Index: gcc/doc/extend.texi
===================================================================
--- gcc/doc/extend.texi	(revision 169419)
+++ gcc/doc/extend.texi	(working copy)
@@ -13649,9 +13649,9 @@  The C++ standard differs from the C stan
 volatile objects.  It fails to specify what constitutes a volatile
 access, except to say that C++ should behave in a similar manner to C
 with respect to volatiles, where possible.  However, the different
-lvalueness of expressions between C and C++ complicate the behaviour.
+lvalueness of expressions between C and C++ complicate the behavior.
 G++ behaves the same as GCC for volatile access, @xref{C
-Extensions,,Volatiles}, for a description of GCC's behaviour.
+Extensions,,Volatiles}, for a description of GCC's behavior.
 
 The C and C++ language specifications differ when an object is
 accessed in a void context:
@@ -13681,7 +13681,7 @@  possible to ignore the return value from
 references.  Again, if you wish to force a read, cast the reference to
 an rvalue.
 
-G++ implements the same behaviour as GCC does when assigning to a
+G++ implements the same behavior as GCC does when assigning to a
 volatile object -- there is no reread of the assigned-to object, the
 assigned rvalue is reused.  Note that in C++ assignment expressions
 are lvalues, and if used as an lvalue, the volatile object will be
Index: gcc/doc/invoke.texi
===================================================================
--- gcc/doc/invoke.texi	(revision 169419)
+++ gcc/doc/invoke.texi	(working copy)
@@ -7690,7 +7690,7 @@  This option enables the extraction of ob
 library archives.
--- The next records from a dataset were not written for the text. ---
lemma gap_le_column_gradients:
  fixes W Wstar :: "real^'d::finite^'k::finite"
  assumes G: "GDERIV (emp_loss S) W :> G"
    and W_supp: "supp W \<subseteq> F" and W_min: "\<forall>V. supp V \<subseteq> F \<longrightarrow> emp_loss S W \<le> emp_loss S V"
    and Wstar_supp: "supp Wstar \<subseteq> Fbar"
  shows "emp_loss S W - emp_loss S Wstar \<le> (\<Sum>i\<in>Fbar - F. norm1 (col G i) * norminf (col Wstar i))"
proof -
  define P where "P = (\<chi> r i. if i \<in> F then (Wstar - W) $ r $ i else 0)"
  have W_col: "i \<notin> F \<Longrightarrow> col W i = 0" for i using W_supp col_outside_supp by blast
  have Wstar_col: "i \<notin> Fbar \<Longrightarrow> col Wstar i = 0" for i using Wstar_supp col_outside_supp by blast
  have P_col: "col P i = (if i \<in> F then col (Wstar - W) i else 0)" for i
    by (simp add: P_def col_def vec_eq_iff)
  \<comment> \<open>first-order optimality of W on the subspace of matrices supported on F\<close>
  have "i \<notin> F \<Longrightarrow> col (W + t *\<^sub>R P) i = 0" for i t
    using W_col[of i] P_col[of i] by (simp add: col_def vec_eq_iff)
  then have "supp (W + t *\<^sub>R P) \<subseteq> F" for t
    unfolding supp_def by blast
  then have P_orth: "inner G P = 0"
    using W_min by (intro GDERIV_orthogonal_at_line_min[OF G]) simp
  have "col (Wstar - W) i = col P i + (if i \<in> Fbar - F then col Wstar i else 0)" for i
    using W_col[of i] Wstar_col[of i] by (auto simp: P_def col_def vec_eq_iff)
  then have "inner G (Wstar - W) = inner G P + (\<Sum>i\<in>UNIV. if i \<in> Fbar - F then inner (col G i) (col Wstar i) else 0)"
    by (simp add: inner_by_columns inner_add_right sum.distrib if_distrib[of "inner _"] cong: if_cong)
  also have "\<dots> = (\<Sum>i\<in>Fbar - F. inner (col G i) (col Wstar i))"
    by (simp add: P_orth sum.If_cases set_diff_eq)
  finally have split: "inner G (Wstar - W) = (\<Sum>i\<in>Fbar - F. inner (col G i) (col Wstar i))" .
  have "emp_loss S W - emp_loss S Wstar \<le> - inner G (Wstar - W)"
    using convex_GDERIV_tangent[OF emp_loss_convex G, of Wstar] by simp
  also have "\<dots> = (\<Sum>i\<in>Fbar - F. - inner (col G i) (col Wstar i))"
    by (simp add: split sum_negf)
  also have "\<dots> \<le> (\<Sum>i\<in>Fbar - F. norm1 (col G i) * norminf (col Wstar i))"
    by (intro sum_mono abs_le_D2 inner_le_norm1_norminf)
  finally show ?thesis .
qed
text \<open>The noiseless case \<open>\<sigma> = 0\<close> is stated as \<open>z = 0\<close> almost surely, since
  \<open>normal_density 0 0\<close> is not a probability density.\<close>

locale noisy_gaussian_design = gaussian_design M A z
  for M :: "'a measure" and A :: "'a \<Rightarrow> real^'n::finite^'d::finite" and z :: "'a \<Rightarrow> real^'d" +
  fixes \<sigma> :: real
  assumes noise_level_nonneg: "0 \<le> \<sigma>"
    and noise_normal: "\<sigma> > 0 \<Longrightarrow> (\<And>i. distributed M lborel (\<lambda>\<omega>. z \<omega> $ i) (\<lambda>x. ennreal (normal_density 0 \<sigma> x)))"
    and noise_zero: "\<sigma> = 0 \<Longrightarrow> (AE \<omega> in M. z \<omega> = 0)"
begin

text \<open>Integrating out the noise coordinate turns \<open>exp (b x y)\<close> into \<open>exp (b\<^sup>2 \<sigma>\<^sup>2 x\<^sup>2 / 2)\<close>,
  which the choice of \<open>c\<close> cancels exactly.\<close>

lemma nn_integral_exp_cross_term:
  assumes "\<sigma> > 0" and "w \<noteq> 0" and "c + b\<^sup>2 * \<sigma>\<^sup>2 / 2 = 0"
  shows "(\<integral>\<^sup>+\<omega>. ennreal (exp (b * (A \<omega> *v w) $ i * z \<omega> $ i + c * ((A \<omega> *v w) $ i)\<^sup>2)) \<partial>M) = 1"
proof -
  let ?s = "norm w"
  have s: "?s > 0" using assms by simp
  have joint: "distributed M (lborel \<Otimes>\<^sub>M lborel) (\<lambda>\<omega>. ((A \<omega> *v w) $ i, z \<omega> $ i))
     (\<lambda>(x, y). ennreal (normal_density 0 ?s x) * ennreal (normal_density 0 \<sigma> y))"
    by (rule distributed_joint_indep[OF sigma_finite_lborel sigma_finite_lborel
          distributed_mult_vec_component[OF assms(2)] noise_normal[OF assms(1)]
          indep_var_mult_vec_component_noise])
  define g where "g = (\<lambda>(x::real, y::real). ennreal (exp (b * x * y + c * x\<^sup>2)))"
  have "(\<integral>\<^sup>+\<omega>. ennreal (exp (b * (A \<omega> *v w) $ i * z \<omega> $ i + c * ((A \<omega> *v w) $ i)\<^sup>2)) \<partial>M)
     = (\<integral>\<^sup>+p. (case p of (x, y) \<Rightarrow> ennreal (normal_density 0 ?s x) * ennreal (normal_density 0 \<sigma> y)) * g p \<partial>(lborel \<Otimes>\<^sub>M lborel))"
    unfolding g_def by (subst distributed_nn_integral[OF joint]) (simp_all add: case_prod_beta)
  also have "\<dots> = (\<integral>\<^sup>+x. \<integral>\<^sup>+y. ennreal (normal_density 0 ?s x) * ennreal (normal_density 0 \<sigma> y) * g (x, y) \<partial>lborel \<partial>lborel)"
    unfolding g_def by (subst lborel.nn_integral_fst[symmetric]) (auto simp: case_prod_beta)
  also have "\<dots> = (\<integral>\<^sup>+x. ennreal (normal_density 0 ?s x) \<partial>lborel)"
  proof (intro nn_integral_cong)
    fix x :: real
    have "(\<integral>\<^sup>+y. ennreal (normal_density 0 ?s x) * ennreal (normal_density 0 \<sigma> y) * g (x, y) \<partial>lborel)
       = (\<integral>\<^sup>+y. ennreal (normal_density 0 ?s x * exp (c * x\<^sup>2)) * (ennreal (normal_density 0 \<sigma> y) * ennreal (exp ((b * x) * y))) \<partial>lborel)"
      by (intro nn_integral_cong)
        (simp add: g_def mult_exp_exp ennreal_mult'[symmetric] ennreal_mult[symmetric] algebra_simps)
    also have "\<dots> = ennreal (normal_density 0 ?s x * exp (c * x\<^sup>2)) * ennreal (exp ((b * x)\<^sup>2 * \<sigma>\<^sup>2 / 2))"
      by (subst nn_integral_cmult) (simp_all add: nn_integral_normal_density_exp_linear[OF assms(1)])
    also have "\<dots> = ennreal (normal_density 0 ?s x * exp ((c + b\<^sup>2 * \<sigma>\<^sup>2 / 2) * x\<^sup>2))"
      by (simp add: ennreal_mult[symmetric] mult.assoc mult_exp_exp algebra_simps power_mult_distrib)
    finally show "(\<integral>\<^sup>+y. ennreal (normal_density 0 ?s x) * ennreal (normal_density 0 \<sigma> y) * g (x, y) \<partial>lborel)
        = ennreal (normal_density 0 ?s x)"
      using assms(3) by simp
  qed
  also have "\<dots> = 1"
    using integrable_normal_density[OF s] integral_normal_density[OF s]
    by (subst nn_integral_eq_integral) auto
  finally show ?thesis .
qed

lemma prob_cross_term_lt:
  assumes "0 \<le> \<tau>" "0 < x"
  shows "measure M {\<omega>\<in>space M. 2 * ((A \<omega> *v w) \<bullet> z \<omega>) + \<sigma> * \<tau> / x * (norm (A \<omega> *v w))\<^sup>2 < - (\<sigma> * \<tau> * x)}
           \<le> exp (- \<tau>\<^sup>2 / 2)"
    (is "measure M {\<omega>\<in>space M. ?P \<omega>} \<le> _")
proof -
  consider "\<sigma> = 0" | "w = 0" | "\<tau> = 0" | "\<sigma> > 0" "w \<noteq> 0" "\<tau> > 0"
    using noise_level_nonneg \<open>0 \<le> \<tau>\<close> by fastforce
  then show ?thesis
  proof cases
    case 1
    then have "AE \<omega> in M. \<not> ?P \<omega>"
      using noise_zero by (auto elim: AE_mp)
    from prob_eq_0_AE[OF this] show ?thesis by simp
  next
    case 2
    then have "{\<omega>\<in>space M. ?P \<omega>} = {}"
      using assms noise_level_nonneg by (auto simp: not_less)
    then show ?thesis by (metis exp_ge_zero measure_empty)
  next
    case 3
    then show ?thesis by (simp add: prob_le_1)
  next
    case 4
    define \<mu> where "\<mu> = \<sigma> * \<tau> / x"
    define l where "l = \<mu> / (2 * \<sigma>\<^sup>2)"
    have l: "l > 0" using assms 4 by (simp add: l_def \<mu>_def)
    let ?X = "\<lambda>i \<omega>. 2 * (A \<omega> *v w) $ i * z \<omega> $ i + \<mu> * ((A \<omega> *v w) $ i)\<^sup>2"
    have indep: "indep_vars (\<lambda>_. borel) ?X UNIV"
      using indep_vars_mult_vec_noise_components[of "\<lambda>i a b. 2 * a * b + \<mu> * a\<^sup>2" w] by simp
    have "(\<integral>\<^sup>+\<omega>. ennreal (exp (- l * ?X i \<omega>)) \<partial>M)
        = (\<integral>\<^sup>+\<omega>. ennreal (exp ((- 2 * l) * (A \<omega> *v w) $ i * z \<omega> $ i + (- l * \<mu>) * ((A \<omega> *v w) $ i)\<^sup>2)) \<partial>M)" for i
      by (simp add: algebra_simps)
    also have "\<dots> i = ennreal 1" for i
      using 4 by (subst nn_integral_exp_cross_term) (auto simp: l_def field_simps power2_eq_square)
    finally have "measure M {\<omega>\<in>space M. (\<Sum>i\<in>UNIV. ?X i \<omega>) \<le> - (\<sigma> * \<tau> * x)}
        \<le> exp (l * - (\<sigma> * \<tau> * x)) * (\<Prod>i\<in>(UNIV::'d set). 1)"
      by (intro Chernoff_bound_sum_le indep l) auto
    also have "l * - (\<sigma> * \<tau> * x) = - \<tau>\<^sup>2 / 2"
      using assms 4 by (simp add: l_def \<mu>_def field_simps power2_eq_square)
    finally have "measure M {\<omega>\<in>space M. (\<Sum>i\<in>UNIV. ?X i \<omega>) \<le> - (\<sigma> * \<tau> * x)} \<le> exp (- \<tau>\<^sup>2 / 2)"
      by simp
    moreover have "(\<Sum>i\<in>UNIV. ?X i \<omega>) = 2 * ((A \<omega> *v w) \<bullet> z \<omega>) + \<mu> * (norm (A \<omega> *v w))\<^sup>2" for \<omega>
      by (simp add: inner_vec_def power2_norm_vec_eq_sum sum.distrib sum_distrib_left mult.assoc)
    ultimately show ?thesis
      unfolding \<mu>_def by (elim order.trans[rotated], intro finite_measure_mono) auto
  qed
qed

end

section \<open>Least-squares decoding over a codebook\<close>

lemma finite_codebook: "is_code Q r E D \<Longrightarrow> finite (codebook E D Q)"
  by (rule finite_subset[of _ "D ` {1..2^r}"]) (auto simp: codebook_def is_code_def)

lemma card_codebook_le: "is_code Q r E D \<Longrightarrow> card (codebook E D Q) \<le> 2 ^ r"
proof -
  assume "is_code Q r E D"
  then have "card (codebook E D Q) \<le> card (D ` {1..2^r})"
    by (intro card_mono) (auto simp: codebook_def is_code_def)
  also have "\<dots> \<le> 2 ^ r"
    using card_image_le[of "{1..(2::nat)^r}" D] by simp
  finally show ?thesis .
qed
This improves the quality of optimization by exposing more
 code the the link time optimizer.  This information specify what symbols 
 can be accessed externally (by non-LTO object or during dynamic linking).
-Resulting code quality improvements on binaries (and shared libaries that do
+Resulting code quality improvements on binaries (and shared libraries that do
 use hidden visibility) is similar to @code{-fwhole-program}.  See
 @option{-flto} for a description on the effect of this flag and how to use it.